Airbus is considering a joint venture with Lear Aircraft to produce a small commercial airplane (capable of carrying 40-50 passengers on short haul flights) . Airbus will have to invest $ 500 million for a 50% share of the venture .Its share of the present value of expected cash flows is 480 million. Lear Aircraft, which is eager to enter into the deal, offers to buy Airbus’s 50% share of the investment anytime over the next five years for $ 400 million, if Airbus decides to get out of the venture. A simulation of the cash flows on this time share investment yields a variance in the present value of the cash flows from being in the partnership is 0.16. The project has a life of 30 years.

Value of the Underlying Asset (S) = PV of Cash Flows from Project = $ 480 million .

Strike Price (K) = Salvage Value from Abandonment = $ 400 million .

Variance in Underlying Asset’s Value = 0.16 .

Time to expiration = Life of the Project =5 years .

Dividend Yield = 1/Life of the Project = 1/30 = 0.033 (We are assuming that the project’s present value will drop by roughly 1/n each year into the project) .Assume that the five-year riskless rate is 6%. The value of the put option can be estimated as follows:

Value of Put =Ke-rt (1-N(d2))- Se-yt (1-N(d1)) =400 (exp(-0.06)(5) (1-0.4624) - 480 exp(-0.033)(5) (1-0.7882) = $ 73.23 million .

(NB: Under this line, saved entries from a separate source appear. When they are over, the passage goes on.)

lemma Inc_not_blocker_before_start:
  assumes j: "j \<in> {1..n}" and start: "0 < blocking_start n i j"
  shows "\<not> is_blocker (cyc n) (Inc n i) j (blocking_start n i j - 1)"
proof -
  have ji: "j < i" using start by (auto simp: blocking_start_def split: if_splits)
  show ?thesis
  proof (cases "3 \<le> j")
    case True
    define k where "k = n - i - 1"
    have ni: "1 \<le> n - i" using start True ji by (auto simp: blocking_start_def)
    have "Inc n i ! k = n - 1" "Inc n i ! (k + 1) = n"
      using nth_Inc_low[of k] nth_Inc_low[of "k + 1"] ni iN unfolding k_def by simp_all
    moreover have "0 < k \<Longrightarrow> Inc n i ! (k - 1) = n - 2"
      using nth_Inc_low[of "k - 1"] iN unfolding k_def by simp
    moreover have "j \<le> n - 2" using ji ni by linarith
    ultimately have "\<not> is_blocker (cyc n) (Inc n i) j k"
      using True unfolding is_blocker_def by (cases "k = 0") auto
    then show ?thesis using True ji by (simp add: blocking_start_def k_def)
  next
    case False
    define k where "k = n - i"
    have "Inc n i ! k = n" using nth_Inc_low[of k] iN unfolding k_def by simp
    moreover have "Inc n i ! (k + 1) = 1"
      using nth_Inc_high[of "k + 1"] ji j iN unfolding k_def by simp
    moreover have "0 < k \<Longrightarrow> Inc n i ! (k - 1) = n - 1"
      using nth_Inc_low[of "k - 1"] iN unfolding k_def by simp
    moreover have "j = 2 \<Longrightarrow> cyc n j 1" using n3 by (simp add: cyc_def)
    ultimately have "\<not> is_blocker (cyc n) (Inc n i) j k"
      using False n3 j unfolding is_blocker_def by (cases "k = 0"; cases "j = 2") auto
    then show ?thesis using False ji by (simp add: blocking_start_def k_def)
  qed
qed

lemma blocking_seq_Inc:
  assumes j: "j \<in> {1..n}"
  shows "blocking_seq j (Inc n i) (cyc n) =
    (if i \<le> j then [i..<j+1] else if 3 \<le> j then n # [1..<j+1] else [1..<j+1])"
proof -
  let ?q = "inc_spot n i j - 1"
  have q: "?q < n" "Inc n i ! ?q = j"
    using j iN i1 by (auto simp: inc_spot_def nth_Inc)
  have start: "blocking_start n i j \<le> ?q"
    using j iN by (auto simp: blocking_start_def inc_spot_def)
  have "distinct (Inc n i)" using iN by (auto simp: Inc_def)
  then have "blocking_seq j (Inc n i) (cyc n) = drop (blocking_start n i j) (take (Suc ?q) (Inc n i))"
    using q start Inc_blockers[OF j] Inc_not_blocker_before_start[OF j] length_Inc
    by (intro blocking_seq_eqI) auto
  also have "\<dots> = (if i \<le> j then [i..<j+1] else if 3 \<le> j then n # [1..<j+1] else [1..<j+1])"
  proof (cases "i \<le> j")
    case True
    then have "Suc ?q = j + 1 - i" "j + 1 - i \<le> length [i..<n+1]" using j iN by (auto simp: inc_spot_def)
    then show ?thesis using True j iN
      by (simp add: blocking_start_def Inc_def take_append take_upt del: upt_Suc)
  next
    case False
    have "take (Suc ?q) (Inc n i) = [i..<n+1] @ [1..<j+1]"
      using False j iN by (simp add: inc_spot_def Inc_def take_append take_upt del: upt_Suc)
    then show ?thesis using False j iN i1
      by (auto simp: blocking_start_def drop_append upt_rec[of i])
  qed
  finally show ?thesis .
qed
lemma has_sum_product:
  fixes f :: "'a \<Rightarrow> 'c::{banach,real_normed_field}" and g :: "'b \<Rightarrow> 'c"
  assumes fx: "(f has_sum x) A" and gy: "(g has_sum y) B"
    and fa: "(\<lambda>x. norm (f x)) summable_on A" and ga: "(\<lambda>x. norm (g x)) summable_on B"
  shows "((\<lambda>(a,b). f a * g b) has_sum x * y) (A \<times> B)"
    and "(\<lambda>(a,b). norm (f a * g b)) summable_on (A \<times> B)"
proof -
  have abs: "(\<lambda>p. norm (f (fst p) * g (snd p))) summable_on Sigma A (\<lambda>_. B)"
  proof (subst Infinite_Sum.abs_summable_on_Sigma_iff, intro conjI ballI)
    fix a assume "a \<in> A"
    show "(\<lambda>b. norm (f (fst (a, b)) * g (snd (a, b)))) summable_on B"
      using summable_on_cmult_right[OF ga, of "norm (f a)"] by (simp add: norm_mult)
  next
    have eq: "\<bar>\<Sum>\<^sub>\<infinity>b\<in>B. norm (f a * g b)\<bar> = \<bar>norm (f a) * (\<Sum>\<^sub>\<infinity>b\<in>B. norm (g b))\<bar>" for a
      by (simp add: norm_mult infsum_cmult_right')
    have "(\<lambda>a. norm (norm (f a) * (\<Sum>\<^sub>\<infinity>b\<in>B. norm (g b)))) summable_on A"
      using summable_on_cmult_left[OF fa, of "\<Sum>\<^sub>\<infinity>b\<in>B. norm (g b)"]
      by (simp add: abs_mult infsum_nonneg)
    then show "(\<lambda>a. norm (\<Sum>\<^sub>\<infinity>b\<in>B. norm (f (fst (a, b)) * g (snd (a, b))))) summable_on A"
      using eq by simp
  qed
  then show "(\<lambda>(a,b). norm (f a * g b)) summable_on (A \<times> B)"
    by (simp add: split_def)
  have "((\<lambda>p. f (fst p) * g (snd p)) has_sum x * y) (Sigma A (\<lambda>_. B))"
  proof (rule has_sum_SigmaI[where g = "\<lambda>a. f a * y"])
    show "((\<lambda>b. f (fst (a, b)) * g (snd (a, b))) has_sum f a * y) B" if "a \<in> A" for a
      using has_sum_cmult_right[OF gy, of "f a"] by simp
    show "((\<lambda>a. f a * y) has_sum x * y) A" by (rule has_sum_cmult_left[OF fx])
    show "(\<lambda>p. f (fst p) * g (snd p)) summable_on Sigma A (\<lambda>_. B)"
      by (rule abs_summable_summable[OF abs])
  qed
  then show "((\<lambda>(a,b). f a * g b) has_sum x * y) (A \<times> B)"
    by (simp add: split_def)
qed

definition lists_len :: "nat \<Rightarrow> nat list set" where
  "lists_len m = {as. length as = m}"

lemma lists_len_0: "lists_len 0 = {[]}" by (auto simp: lists_len_def)

lemma bij_Cons_lists_len: "bij_betw (\<lambda>(a, as). a # as) (UNIV \<times> lists_len m) (lists_len (Suc m))"
  by (rule bij_betwI[of _ _ _ "\<lambda>xs. (hd xs, tl xs)"]) (auto simp: lists_len_def length_Suc_conv)

lemma bij_length_Sigma: "bij_betw (\<lambda>as. (length as, as)) UNIV (Sigma UNIV lists_len)"
  by (rule bij_betwI[of _ _ _ snd]) (auto simp: lists_len_def)

definition weight :: "(nat \<Rightarrow> 'c::comm_monoid_mult) \<Rightarrow> nat list \<Rightarrow> 'c" where
  "weight h as = prod_list (map h as)"

lemma weight_Nil[simp]: "weight h [] = 1" and weight_Cons[simp]: "weight h (a # as) = h a * weight h as"
  by (simp_all add: weight_def)

lemma weight_lists_len_has_sum:
  fixes h :: "nat \<Rightarrow> 'c::{banach,real_normed_field}"
  assumes hs: "(h has_sum H) UNIV" and ha: "(\<lambda>x. norm (h x)) summable_on UNIV"
  shows "(weight h has_sum H ^ m) (lists_len m) \<and> (\<lambda>x. norm (weight h x)) summable_on lists_len m"
proof (induction m)
  case 0 then show ?case using has_sum_finite[of "{[]}" "weight h"] by (simp add: lists_len_0)
next
  case (Suc m)
  have p1: "((\<lambda>(a,as). h a * weight h as) has_sum H * H ^ m) (UNIV \<times> lists_len m)"
    and p2: "(\<lambda>(a,as). norm (h a * weight h as)) summable_on (UNIV \<times> lists_len m)"
    using has_sum_product[OF hs conjunct1[OF Suc.IH] ha conjunct2[OF Suc.IH]] by auto
  have e: "(\<lambda>(a,as). h a * weight h as) = weight h \<circ> (\<lambda>(a, as). a # as)" by (auto simp: fun_eq_iff)
  have "(weight h has_sum H ^ Suc m) (lists_len (Suc m))"
    using p1 unfolding e has_sum_reindex_bij_betw[OF bij_Cons_lists_len, of "weight h", symmetric]
    by (simp add: o_def case_prod_beta)
  moreover have "(\<lambda>x. norm (weight h x)) summable_on lists_len (Suc m)"
  proof -
    have "(\<lambda>x. norm (weight h ((\<lambda>(a, as). a # as) x))) summable_on (UNIV \<times> lists_len m)"
      by (rule summable_on_cong[THEN iffD1, OF _ p2]) (auto simp: case_prod_beta)
    then show ?thesis using summable_on_reindex_bij_betw[OF bij_Cons_lists_len] by blast
  qed
  ultimately show ?case by simp
qed
(* Let $\mathcal H\subseteq\mathcal S_+^d$ be a well-structured preconditioner set. Then for every $y\in\mathbb R^d$, $$\|y\|_{\mathcal H,*}=\inf_{H\in\mathcal H\cap\mathcal S^d_{++},\ \operatorname{Tr}(H)\le 1}\|y\|_{H,*}=\inf_{H\in\mathcal H\cap\mathcal S^d_{++},\ \operatorname{Tr}(H)\le 1}\|y\|_{H^{-1}},$$ where $\|\cdot\|_{H,*}$ denotes the dual norm of $\|\cdot\|_H$.
   Context: $\mathcal S^d_+$ (resp. $\mathcal S^d_{++}$) denotes the set of real symmetric positive semidefinite (resp. positive definite) $d\times d$ matrices. A set $\mathcal H\subseteq\mathcal S_+^d$ is a well-structured preconditioner set if $\mathcal H=\mathcal S_+^d\cap\mathcal K$ for some set $\mathcal K$ of real $d\times d$ matrices that is closed under scalar multiplication, matrix addition and matrix multiplication and contains the identity $I_d$. For $H\in\mathcal S_+^d$, $\|x\|_H=\sqrt{x^\top Hx}$. The $\mathcal H$-norm is $\|x\|_{\mathcal H}:=\sup_{H\in\mathcal H,\operatorname{Tr}(H)\le 1}\|x\|_H$, and $\|y\|_{\mathcal H,*}:=\sup_{\|x\|_{\mathcal H}\le 1}\langle x,y\rangle$ is its dual norm. *)

theory Defs
  imports "HOL-Analysis.Analysis"
begin

definition psd :: "real^'n^'n \<Rightarrow> bool" where
  "psd A \<longleftrightarrow> transpose A = A \<and> (\<forall>x. 0 \<le> x \<bullet> (A *v x))"

definition pd :: "real^'n^'n \<Rightarrow> bool" where
  "pd A \<longleftrightarrow> transpose A = A \<and> (\<forall>x. x \<noteq> 0 \<longrightarrow> 0 < x \<bullet> (A *v x))"

definition matrix_algebra :: "(real^'n^'n) set \<Rightarrow> bool" where
  "matrix_algebra K \<longleftrightarrow>
     (\<forall>c A. A \<in> K \<longrightarrow> c *\<^sub>R A \<in> K) \<and>
     (\<forall>A B. A \<in> K \<longrightarrow> B \<in> K \<longrightarrow> A + B \<in> K) \<and>
     (\<forall>A B. A \<in> K \<longrightarrow> B \<in> K \<longrightarrow> A ** B \<in> K) \<and>
     mat 1 \<in> K"

definition well_structured :: "(real^'n^'n) set \<Rightarrow> bool" where
  "well_structured \<H> \<longleftrightarrow> (\<exists>K. matrix_algebra K \<and> \<H> = {A. psd A} \<inter> K)"

definition Hnorm :: "real^'n^'n \<Rightarrow> real^'n \<Rightarrow> real" where
  "Hnorm H x = sqrt (x \<bullet> (H *v x))"

definition setnorm :: "(real^'n^'n) set \<Rightarrow> real^'n \<Rightarrow> real" where
  "setnorm \<H> x = (SUP H\<in>{H\<in>\<H>. trace H \<le> 1}. Hnorm H x)"

definition dual_norm :: "(real^'n \<Rightarrow> real) \<Rightarrow> real^'n \<Rightarrow> real" where
  "dual_norm N y = Sup {x \<bullet> y | x. N x \<le> 1}"

end

theory Submission
  imports Defs
begin

text \<open>
  For positive definite \<open>P\<close> the dual of \<open>x \<mapsto> \<parallel>x\<parallel>\<^sub>P\<close> is \<open>y \<mapsto> \<parallel>y\<parallel>\<^bsub>P\<^sup>-\<^sup>1\<^esub>\<close>, by Cauchy-Schwarz
  in the \<open>P\<close>-inner product; and since each \<open>\<parallel>\<cdot>\<parallel>\<^sub>H\<close> with \<open>H\<close> in the trace ball is dominated by
  the \<open>\<H>\<close>-norm, the dual \<open>\<H>\<close>-norm is at most the infimum.

  For the converse fix \<open>\<delta> > 0\<close> and take an approximate minimiser \<open>H\<close> of
  \<open>f(H) = y\<^sup>T (H + \<delta> I)\<^sup>-\<^sup>1 y\<close> over the trace ball, which is convex because \<open>\<H>\<close> is a convex cone.
  With \<open>x = (H + \<delta> I)\<^sup>-\<^sup>1 y\<close>, the exact expansion of \<open>f\<close> along the segment from \<open>H\<close> towards
  any \<open>H'\<close> of the trace ball gives \<open>x\<^sup>T H' x \<le> f(H) + O(t)\<close>, where \<open>t\<^sup>2\<close> is the slack of the
  minimiser. So \<open>x / \<surd>f(H)\<close> is nearly in the unit ball of the \<open>\<H>\<close>-norm, and \<open>f(H) = \<langle>x, y\<rangle>\<close>
  yields that \<open>inf f\<close> is at most the square of the dual \<open>\<H>\<close>-norm of \<open>y\<close>. Finally \<open>P = (H + \<delta> I) / (1 + d \<delta>)\<close> is a positive definite
  member of the trace ball with \<open>\<parallel>y\<parallel>\<^sup>2\<^bsub>P\<^sup>-\<^sup>1\<^esub> = (1 + d \<delta>) f(H)\<close>; let \<open>\<delta> \<rightarrow> 0\<close>.
\<close>

lemma symmetric_inner_matrix_commute:
  fixes M :: "real^'n^'n"
  assumes "transpose M = M"
  shows "a \<bullet> (M *v b) = b \<bullet> (M *v a)"
proof -
  have "b \<bullet> (M *v a) = (b v* M) \<bullet> a" by (simp add: dot_lmul_matrix)
  also have "b v* M = transpose M *v b" by simp
  finally show ?thesis using assms by (simp add: inner_commute)
qed

lemma psd_cauchy_schwarz:
  fixes M :: "real^'n^'n"
  assumes "psd M"
  shows "(a \<bullet> (M *v b))\<^sup>2 \<le> (a \<bullet> (M *v a)) * (b \<bullet> (M *v b))"
proof -
  have sym: "transpose M = M" and nonneg: "\<And>x. 0 \<le> x \<bullet> (M *v x)"
    using assms by (auto simp: psd_def)
  define A B C where "A = a \<bullet> (M *v a)" and "B = a \<bullet> (M *v b)" and "C = b \<bullet> (M *v b)"
  have quadratic: "0 \<le> A + 2 * l * B + l\<^sup>2 * C" for l
  proof -
    have "0 \<le> (a + l *\<^sub>R b) \<bullet> (M *v (a + l *\<^sub>R b))" by (rule nonneg)
    also have "\<dots> = A + 2 * l * B + l\<^sup>2 * C"
      using symmetric_inner_matrix_commute[OF sym, of b a]
      by (simp add: A_def B_def C_def power2_eq_square algebra_simps)
    finally show ?thesis .
  qed
  have "0 \<le> A" "0 \<le> C" using nonneg by (auto simp: A_def C_def)
  show ?thesis
  proof (cases "C = 0")
    case True
    then have "B = 0" using quadratic[of "- (A + 1) / (2 * B)"] \<open>0 \<le> A\<close>
      by (cases "B = 0") (auto simp: field_simps)
    with True show ?thesis by (simp add: B_def C_def)
  next
    case False
    with \<open>0 \<le> C\<close> have "0 < C" by simp
    from quadratic[of "- B / C"] have "0 \<le> A * C - B\<^sup>2"
      using \<open>0 < C\<close> by (simp add: field_simps power2_eq_square)
    then show ?thesis by (simp add: A_def B_def C_def algebra_simps)
  qed
qed

lemma inner_axis_matrix_axis: "axis i 1 \<bullet> (H *v axis i 1) = H $ i $ i"
  by (simp add: matrix_vector_mult_basis inner_axis' column_def)

lemma psd_diagonal_nonneg: "psd H \<Longrightarrow> 0 \<le> H $ i $ i"
  by (metis inner_axis_matrix_axis psd_def)

lemma psd_matrix_vector_component_le:
  fixes H :: "real^'n^'n"
  assumes "psd H"
  shows "\<bar>(H *v u) $ i\<bar> \<le> sqrt (H $ i $ i) * sqrt (u \<bullet> (H *v u))"
proof -
  have "((H *v u) $ i)\<^sup>2 = (axis i 1 \<bullet> (H *v u))\<^sup>2" by (simp add: inner_axis')
  also have "\<dots> \<le> H $ i $ i * (u \<bullet> (H *v u))"
    using psd_cauchy_schwarz[OF assms, of "axis i 1" u] by (simp add: inner_axis_matrix_axis)
  finally show ?thesis by (metis real_sqrt_abs real_sqrt_le_mono real_sqrt_mult)
qed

The value of this abandonment option has to be added on to the net present value of the project of -$ 20 million, yielding a total net present value with the abandonment option of $ 53.23 million.


Option to wait before investing
Sometimes it may be beneficial to defer the start of a project that currently has a positive NPV. This is because there is more value in waiting. This is analogous to the valuation of American call options (ie early exercise is allowable). Investing in a project immediately can be viewed as exercising an option, but sometimes it pays to wait and keep the option alive. The value of waiting is greatest when the cashflows forgone by waiting are small and there is greater volatility over future cashflows.

Real options are more often complex in practice:
– Cost of further investment or the price of abandonment is likely to vary over time.
– Abandonment of a project may occur at any time in a project and the reinstatement of a project may be possible.
– Postponement of a project and missing out on the first year’s cashflows in the anticipation of learning from them may sometimes provide no additional information.